Biegowe sukcesy, porażki i marzenia ministra Borysa Budki. „Kiedyś się uda”

 

Biegowe sukcesy, porażki i marzenia ministra Borysa Budki. „Kiedyś się uda”


Opublikowane w pon., 19/10/2015 - 08:55

Nie pociągają Pana starty w biegach terenowych, górskich, ultra?

Nie jestem siłowcem, więc biegi przełajowe to dla mnie problem. Jestem raczej rytmowcem, który najlepiej czuje się na asfalcie, takim bez górek. Nigdy też nie kusiły mnie biegi ultra, choć mówią, że to przychodzi z wiekiem. Mam wielu znajomych, którzy mówią: musisz spróbować. Na razie jestem za młody i za strachliwy na takie rzeczy. Ale może kiedyś jakiś bieg w stylu Runmaggedon…
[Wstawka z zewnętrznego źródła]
lemma squarefree_dvd_iff_prime_dvd:
  fixes n m :: "'a :: factorial_semiring"
  assumes sq: "squarefree n"
  shows "n dvd m \<longleftrightarrow> (\<forall>p. prime p \<longrightarrow> p dvd n \<longrightarrow> p dvd m)"
proof
  assume primes: "\<forall>p. prime p \<longrightarrow> p dvd n \<longrightarrow> p dvd m"
  have n: "n \<noteq> 0" using sq by auto
  show "n dvd m"
  proof (cases "m = 0")
    case False
    show ?thesis
    proof (rule multiplicity_le_imp_dvd[OF n])
      fix p :: 'a assume p: "prime p"
      have "multiplicity p n \<le> 1"
        using sq n p squarefree_factorial_semiring'' by blast
      show "multiplicity p n \<le> multiplicity p m"
      proof (cases "p dvd n")
        case True
        then have "multiplicity p m > 0"
          using primes p False by (simp add: prime_multiplicity_gt_zero_iff)
        with \<open>multiplicity p n \<le> 1\<close> show ?thesis by linarith
      qed (simp add: not_dvd_imp_multiplicity_0)
    qed
  qed simp
qed (blast intro: dvd_trans)

lemma squarefree_cong_iff_prime_cong:
  fixes n a b :: nat
  assumes "squarefree n"
  shows "[a = b] (mod n) \<longleftrightarrow> (\<forall>q. prime q \<longrightarrow> q dvd n \<longrightarrow> [a = b] (mod q))"
proof -
  have ordered: "[x = y] (mod n) \<longleftrightarrow> (\<forall>q. prime q \<longrightarrow> q dvd n \<longrightarrow> [x = y] (mod q))"
    if "y \<le> x" for x y
    using that squarefree_dvd_iff_prime_dvd[OF assms] by (simp add: cong_altdef_nat)
  show ?thesis
    using ordered[of a b] ordered[of b a] cong_sym_eq[of a b] by (metis nat_le_linear)
qed

lemma squarefree_prime_mult_iff:
  fixes p Q :: nat
  assumes p: "prime p"
  shows "squarefree (p * Q) \<longleftrightarrow> squarefree Q \<and> \<not> p dvd Q"
proof
  assume sq: "squarefree (p * Q)"
  have "\<not> p dvd Q"
  proof
    assume "p dvd Q"
    then have "p ^ 2 dvd p * Q" by (simp add: power2_eq_square)
    with sq p show False by (auto dest: squarefreeD)
  qed
  with squarefree_multD(2)[OF sq] show "squarefree Q \<and> \<not> p dvd Q" by blast
next
  assume "squarefree Q \<and> \<not> p dvd Q"
  then show "squarefree (p * Q)"
    using squarefree_mult_coprime[of p Q] squarefree_prime[OF p] prime_imp_coprime[OF p] by blast
qed

lemma prime_dvd_cofactor:
  fixes Q q r :: nat
  assumes "prime q" "q dvd Q" "prime r" "r dvd Q" "r \<noteq> q"
  shows "q dvd Q div r"
proof -
  have "coprime q r" using assms by (simp add: primes_coprime)
  then have "q * r dvd Q" using assms(2,4) divides_mult by blast
  then obtain c where "Q = q * r * c" by blast
  then show ?thesis using prime_gt_0_nat[OF assms(3)] by simp
qed

lemma W_iff:
  fixes Q :: nat
  assumes Q: "Q > 0"
  shows "Q \<in> W \<longleftrightarrow> squarefree Q \<and> (\<forall>q. prime q \<longrightarrow> q dvd Q \<longrightarrow> q dvd Q div q + 1)"
proof -
  define \<Sigma> where "\<Sigma> = (\<Sum>r\<in>prime_factors Q. Q div r)"
  have W: "Q \<in> W \<longleftrightarrow> Q dvd \<Sigma> + 1"
    using Q by (simp add: W_def \<Sigma>_def cong_0_iff)
  have local: "q dvd \<Sigma> + 1 \<longleftrightarrow> q dvd Q div q + 1" if q: "prime q" "q dvd Q" for q
  proof -
    have "\<Sigma> + 1 = (Q div q + 1) + (\<Sum>r\<in>prime_factors Q - {q}. Q div r)"
      using q Q by (simp add: \<Sigma>_def sum.remove in_prime_factors_iff)
    moreover have "q dvd (\<Sum>r\<in>prime_factors Q - {q}. Q div r)"
      using q by (intro dvd_sum prime_dvd_cofactor) auto
    ultimately show ?thesis by (metis dvd_add_left_iff)
  qed
  have "squarefree Q" if local_conds: "\<forall>q. prime q \<longrightarrow> q dvd Q \<longrightarrow> q dvd Q div q + 1"
  proof -
    have "\<not> q ^ 2 dvd Q" if q: "prime q" for q
    proof
      assume sq: "q ^ 2 dvd Q"
      then have "q dvd Q" by (meson dvd_power dvd_trans prime_gt_0_nat[OF q] zero_less_numeral)
      moreover from sq obtain c where "Q = q ^ 2 * c" by blast
      then have "q dvd Q div q" using prime_gt_0_nat[OF q] by (simp add: power2_eq_square)
      ultimately have "q dvd 1" using local_conds q by (metis dvd_add_right_iff)
      with q show False by simp
    qed
    then show ?thesis using Q by (subst squarefree_factorial_semiring) auto
  qed
  then show ?thesis
    using W local squarefree_dvd_iff_prime_dvd by (meson dvd_trans)
qed

lemma div_gcd_dvd_iff:
  fixes a b c :: nat
  assumes "c > 0"
  shows "a div gcd a c dvd b \<longleftrightarrow> a dvd b * c"
proof -
  define g where "g = gcd a c"
  obtain a' c' where a: "a = g * a'" and c: "c = g * c'"
    unfolding g_def by (meson dvd_def gcd_dvd1 gcd_dvd2)
  have g: "g > 0" using assms by (simp add: g_def)
  have "coprime (a div g) (c div g)"
    using div_gcd_coprime[of a c] assms by (simp add: g_def)
  then have "coprime a' c'" using a c g by simp
  moreover have "a div g = a'" using a g by simp
  moreover have "a dvd b * c \<longleftrightarrow> a' dvd b * c'" using a c g by (simp add: mult.left_commute)
  ultimately show ?thesis by (simp add: coprime_dvd_mult_left_iff flip: g_def)
qed

lemma frakn_dvd_iff:
  fixes Q m :: nat
  assumes Q: "Q > 0"
  shows "frakn Q dvd m \<longleftrightarrow> (\<forall>q. prime q \<longrightarrow> q dvd Q \<longrightarrow> (q - 1) dvd m * Q)"
proof (cases "Q = 1")
  case False
  then show ?thesis
    using Q by (auto simp: frakn_def Lcm_dvd_iff in_prime_factors_iff div_gcd_dvd_iff)
qed (auto simp: frakn_def)

lemma cong_mult_pred_prime_iff:
  fixes p q t :: nat
  assumes q: "prime q" and p: "\<not> q dvd p"
  shows "[p * t * (q - 1) = p] (mod q) \<longleftrightarrow> q dvd t + 1"
proof -
  have "[p * t * (q - 1) = p] (mod q) \<longleftrightarrow> int q dvd int (p * t * (q - 1)) - int p"
    by (simp add: cong_iff_dvd_diff flip: cong_int_iff)
  also have "int (p * t * (q - 1)) - int p = int q * int (p * t) - int (p * (t + 1))"
    using prime_ge_1_nat[OF q] by (simp add: of_nat_diff algebra_simps)
  also have "int q dvd \<dots> \<longleftrightarrow> q dvd p * (t + 1)"
    by (simp only: dvd_diff_right_iff dvd_triv_left of_nat_dvd_iff)
  also have "\<dots> \<longleftrightarrow> q dvd t + 1"
    using p prime_dvd_mult_iff[OF q, of p "t + 1"] by blast
  finally show ?thesis .
qed

lemma S_self_cong_other_prime_iff:
  fixes p q Q :: nat
  assumes p: "prime p" and q: "prime q" "q dvd Q" "q \<noteq> p" and Q: "Q > 0"
  shows "[S (p * Q) (p * Q) = p] (mod q) \<longleftrightarrow> (q - 1) dvd p * Q \<and> q dvd Q div q + 1"
proof -
  have qp: "\<not> q dvd p" using p q primes_dvd_imp_eq by blast
  have n: "q dvd p * Q" "p * Q > 0" using q(2) Q prime_gt_0_nat[OF p] by simp_all
  have cofactor: "p * Q div q = p * (Q div q)" using q(2) by (simp add: div_mult_swap)
  show ?thesis
  proof (cases "(q - 1) dvd p * Q")
    case True
    with S_self_cong[OF q(1) n] cofactor
    have "[S (p * Q) (p * Q) = p * (Q div q) * (q - 1)] (mod q)" by simp
    then show ?thesis
      using True cong_mult_pred_prime_iff[OF q(1) qp] by (metis cong_sym cong_trans)
  next
    case False
    with S_self_cong[OF q(1) n] have "[S (p * Q) (p * Q) = 0] (mod q)" by simp
    moreover have "\<not> [0 = p] (mod q)" using qp by (metis cong_0_iff cong_sym)
    ultimately show ?thesis using False by (metis cong_sym cong_trans)
  qed
qed

lemma S_self_cong_own_prime_iff:
  fixes p Q :: nat
  assumes p: "prime p" and Q: "Q > 0" "\<not> p dvd Q"
  shows "[S (p * Q) (p * Q) = p] (mod p) \<longleftrightarrow> \<not> (p - 1) dvd Q"
proof -
  define c where "c = (if (p - 1) dvd Q then p - 1 else 0)"
  have "(p - 1) dvd p * Q \<longleftrightarrow> (p - 1) dvd Q"
    using coprime_diff_one_left_nat[of p] prime_gt_0_nat[OF p] by (simp add: coprime_dvd_mult_right_iff)
  then have "[S (p * Q) (p * Q) = Q * c] (mod p)"
    using S_self_cong[OF p, of "p * Q"] Q prime_gt_0_nat[OF p] by (simp add: c_def)
  moreover have "[p = 0] (mod p)" by (simp add: cong_0_iff)
  ultimately have "[S (p * Q) (p * Q) = p] (mod p) \<longleftrightarrow> p dvd Q * c"
    by (metis cong_0_iff cong_sym cong_trans)
  also have "\<dots> \<longleftrightarrow> p dvd c" using p Q(2) by (simp add: prime_dvd_mult_iff)
  also have "\<dots> \<longleftrightarrow> \<not> (p - 1) dvd Q"
    using prime_ge_2_nat[OF p] by (auto simp: c_def dest: dvd_imp_le)
  finally show ?thesis .
qed

lemma M1_iff_squarefree_prime_congs:
  fixes p Q :: nat
  assumes p: "prime p" and Q: "Q > 0"
  shows "p * Q \<in> M1 p \<longleftrightarrow>
    squarefree (p * Q) \<and> (\<forall>q. prime q \<longrightarrow> q dvd p * Q \<longrightarrow> [S (p * Q) (p * Q) = p] (mod q))"
proof -
  let ?n = "p * Q"
  have n: "?n > 0" using Q prime_gt_0_nat[OF p] by simp
  have M1: "?n \<in> M1 p \<longleftrightarrow> [S ?n ?n = p] (mod ?n) \<and> \<not> p ^ 2 dvd ?n"
    using n by (simp add: M1_def M_def cong_int_iff)
  have "squarefree ?n" if cong: "[S ?n ?n = p] (mod ?n)" and p2: "\<not> p ^ 2 dvd ?n"
  proof -
    have "\<not> q ^ 2 dvd ?n" if q: "prime q" for q
    proof
      assume sq: "q ^ 2 dvd ?n"
      then have qn: "q dvd ?n" by (meson dvd_power dvd_trans prime_gt_0_nat[OF q] zero_less_numeral)
      from sq obtain c where "?n = q ^ 2 * c" by blast
      then have "q dvd ?n div q" using prime_gt_0_nat[OF q] by (simp add: power2_eq_square)
      then have "[S ?n ?n = 0] (mod q)"
        using S_self_cong[OF q qn n] by (metis cong_0_iff cong_trans dvd_mult2)
      moreover have "[S ?n ?n = p] (mod q)" using cong qn by (rule cong_dvd_modulus_nat)
      ultimately have "q dvd p" by (metis cong_0_iff cong_sym cong_trans)
      then have "q = p" using q p primes_dvd_imp_eq by blast
      with sq p2 show False by simp
    qed
    then show ?thesis using n by (subst squarefree_factorial_semiring) auto
  qed
  moreover have "\<not> p ^ 2 dvd ?n" if "squarefree ?n"
    using that p by (auto dest: squarefreeD)
  ultimately show ?thesis
    using M1 squarefree_cong_iff_prime_cong by blast
qed

lemma M1_iff_W_frakn:
  fixes p Q :: nat
  assumes p: "prime p" and Q: "Q > 0"
  shows "p * Q \<in> M1 p \<longleftrightarrow> Q \<in> W \<and> frakn Q dvd p \<and> \<not> p dvd Q \<and> \<not> (p - 1) dvd Q"
proof -
  have "prime q \<and> q dvd p * Q \<longleftrightarrow> q = p \<or> (prime q \<and> q dvd Q \<and> q \<noteq> p)" if "\<not> p dvd Q" for q
    using p that by (auto simp: prime_dvd_mult_iff dest: primes_dvd_imp_eq[OF _ p])
  then have "p * Q \<in> M1 p \<longleftrightarrow> squarefree Q \<and> \<not> p dvd Q \<and> \<not> (p - 1) dvd Q \<and>
      (\<forall>q. prime q \<longrightarrow> q dvd Q \<longrightarrow> (q - 1) dvd p * Q \<and> q dvd Q div q + 1)"
    using M1_iff_squarefree_prime_congs[OF p Q] squarefree_prime_mult_iff[OF p]
      S_self_cong_own_prime_iff[OF p Q] S_self_cong_other_prime_iff[OF p _ _ _ Q]
    by (smt (verit))
  then show ?thesis
    using W_iff[OF Q] frakn_dvd_iff[OF Q] by blast
qed

lemma prime_pred_dvd_1806:
  fixes r :: nat
  assumes r: "prime r" and dvd: "(r - 1) dvd 1806"
  shows "r \<in> {2, 3, 7, 43}"
proof -
  have primes: "prime (2::nat)" "prime (3::nat)" "prime (7::nat)" "prime (43::nat)"
    by code_simp+
  have "(r - 1) dvd 2 * (3 * (7 * 43))" using dvd by simp
  then obtain a m where am: "r - 1 = a * m" "a dvd 2" "m dvd 3 * (7 * 43)"
    using division_decomp by blast
  then obtain b m' where bm: "m = b * m'" "b dvd 3" "m' dvd 7 * 43"
    using division_decomp by blast
  then obtain c d where cd: "m' = c * d" "c dvd 7" "d dvd 43"
    using division_decomp by blast
  have divisor: "x \<in> {1, q}" if "prime q" "x dvd q" for x q :: nat
    using that unfolding prime_nat_iff by blast
  have "a \<in> {1, 2}" "b \<in> {1, 3}" "c \<in> {1, 7}" "d \<in> {1, 43}"
    using divisor primes am(2) bm(2) cd(2,3) by blast+
  moreover have "r = a * (b * (c * d)) + 1" using am bm cd prime_gt_0_nat[OF r] by simp
  ultimately have "r \<in> {2, 3, 4, 7, 8, 15, 22, 43, 44, 87, 130, 259, 302, 603, 904, 1807}"
    by auto
  moreover have "\<forall>x \<in> {4, 8, 15, 22, 44, 87, 130, 259, 302, 603, 904, 1807 :: nat}. \<not> prime x"
    by code_simp
  then have "r \<notin> {4, 8, 15, 22, 44, 87, 130, 259, 302, 603, 904, 1807}"
    using r by blast
  ultimately show ?thesis by blast
qed

lemma sylvester_step:
  fixes r :: nat
  assumes r: "prime r" and sq: "squarefree (r - 1)"
    and factors: "\<forall>s. prime s \<longrightarrow> s dvd r - 1 \<longrightarrow> s \<in> {2, 3, 7, 43}"
  shows "r \<in> {2, 3, 7, 43}"
proof -
  have "(r - 1) dvd 1806"
    using factors by (subst squarefree_dvd_iff_prime_dvd[OF sq]) auto
  with r show ?thesis by (rule prime_pred_dvd_1806)
qed

text \<open>The bound \<open>B\<close> is \<open>p\<close> when \<open>p | Q\<close> and \<open>frakn Q | p\<close>, and \<open>Q\<close> itself when \<open>frakn Q = 1\<close>.\<close>
lemma prime_factor_in_sylvester_primes:
  fixes Q B r :: nat
  assumes sq: "squarefree Q"
    and pred_dvd: "\<And>q. prime q \<Longrightarrow> q dvd Q \<Longrightarrow> q \<le> B \<Longrightarrow> (q - 1) dvd Q"
    and r: "prime r" "r dvd Q" "r \<le> B"
  shows "r \<in> {2, 3, 7, 43}"
  using r
proof (induction r rule: less_induct)
  case (less r)
  have d: "(r - 1) dvd Q" using pred_dvd less.prems by blast
  show ?case
  proof (rule sylvester_step[OF less.prems(1) squarefree_mono[OF d sq]], intro allI impI)
    fix s assume s: "prime s" "s dvd r - 1"
    have "s < r"
      using s(2) prime_gt_1_nat[OF less.prems(1)] by (auto dest: dvd_imp_le)
    moreover have "s dvd Q" using s(2) d by (rule dvd_trans)
    ultimately show "s \<in> {2, 3, 7, 43}"
      using less.IH s(1) less.prems(3) by simp
  qed
qed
Jakie są Pana największe biegowe sukcesy?

Ten 2009 rok, kiedy po bardzo intensywnej zimie udało mi się przebiec pierwszy Silesia Marathon, bardzo trudny, w 2:39:03 i stałem na podium jako druga osoba ze Śląska. Tydzień wcześniej pobiegłem też „dyszkę” poniżej 34 minut. To najlepsze momenty. Kiedyś byłem siódmy w półmaratonie w Reykjaviku, trzeci w półmaratonie Silesia. Wśród amatorów udawało się czasem nawet stanąć na podium, ale to nie było celem. Celem były czasy. Złamanie 2:40 w maratonie było marzeniem. Zaczynałem od 3:30 w pierwszym maratonie.

A porażki?

W 2012 roku podczas przygotowań do ostatniego maratonu popełniłem jakiś błąd treningowy. To największa porażka, bo z 1:24 na połówce zrobiło się 3:03 na mecie. Jeszcze nigdy w życiu mnie tak nie postawiło. Do teraz nie wiem, jaki błąd popełniłem, ale myślę, że to było mało odpoczynku.

Taki czas to porażka?

Gdybym to biegał teraz, jako minister, to byłoby niezwykłe. Ale wtedy uczyłem na uczelni dwa dni w tygodniu, kończyłem aplikację i byłem radnym, gdzie sesje przypadały co dwa tygodnie. Dało się to wszystko skomponować z planem treningowym. Udało mi się nawet pojechać trzy razy na obóz, do Tylicza, Szklarskiej Poręby. Mogłem wtedy wygospodarować po tygodniu czasu. To był też któryś kolejny maraton, biegałem jeden rocznie i schodziłem po kilka minut z czasu. Miałem świetną pracę, która pozwalała mi wygospodarować czas. Dlatego podziwiam ludzi, którzy pracują w kopalni, stolarni po dziesięć godzin i jeszcze robią codziennie treningi.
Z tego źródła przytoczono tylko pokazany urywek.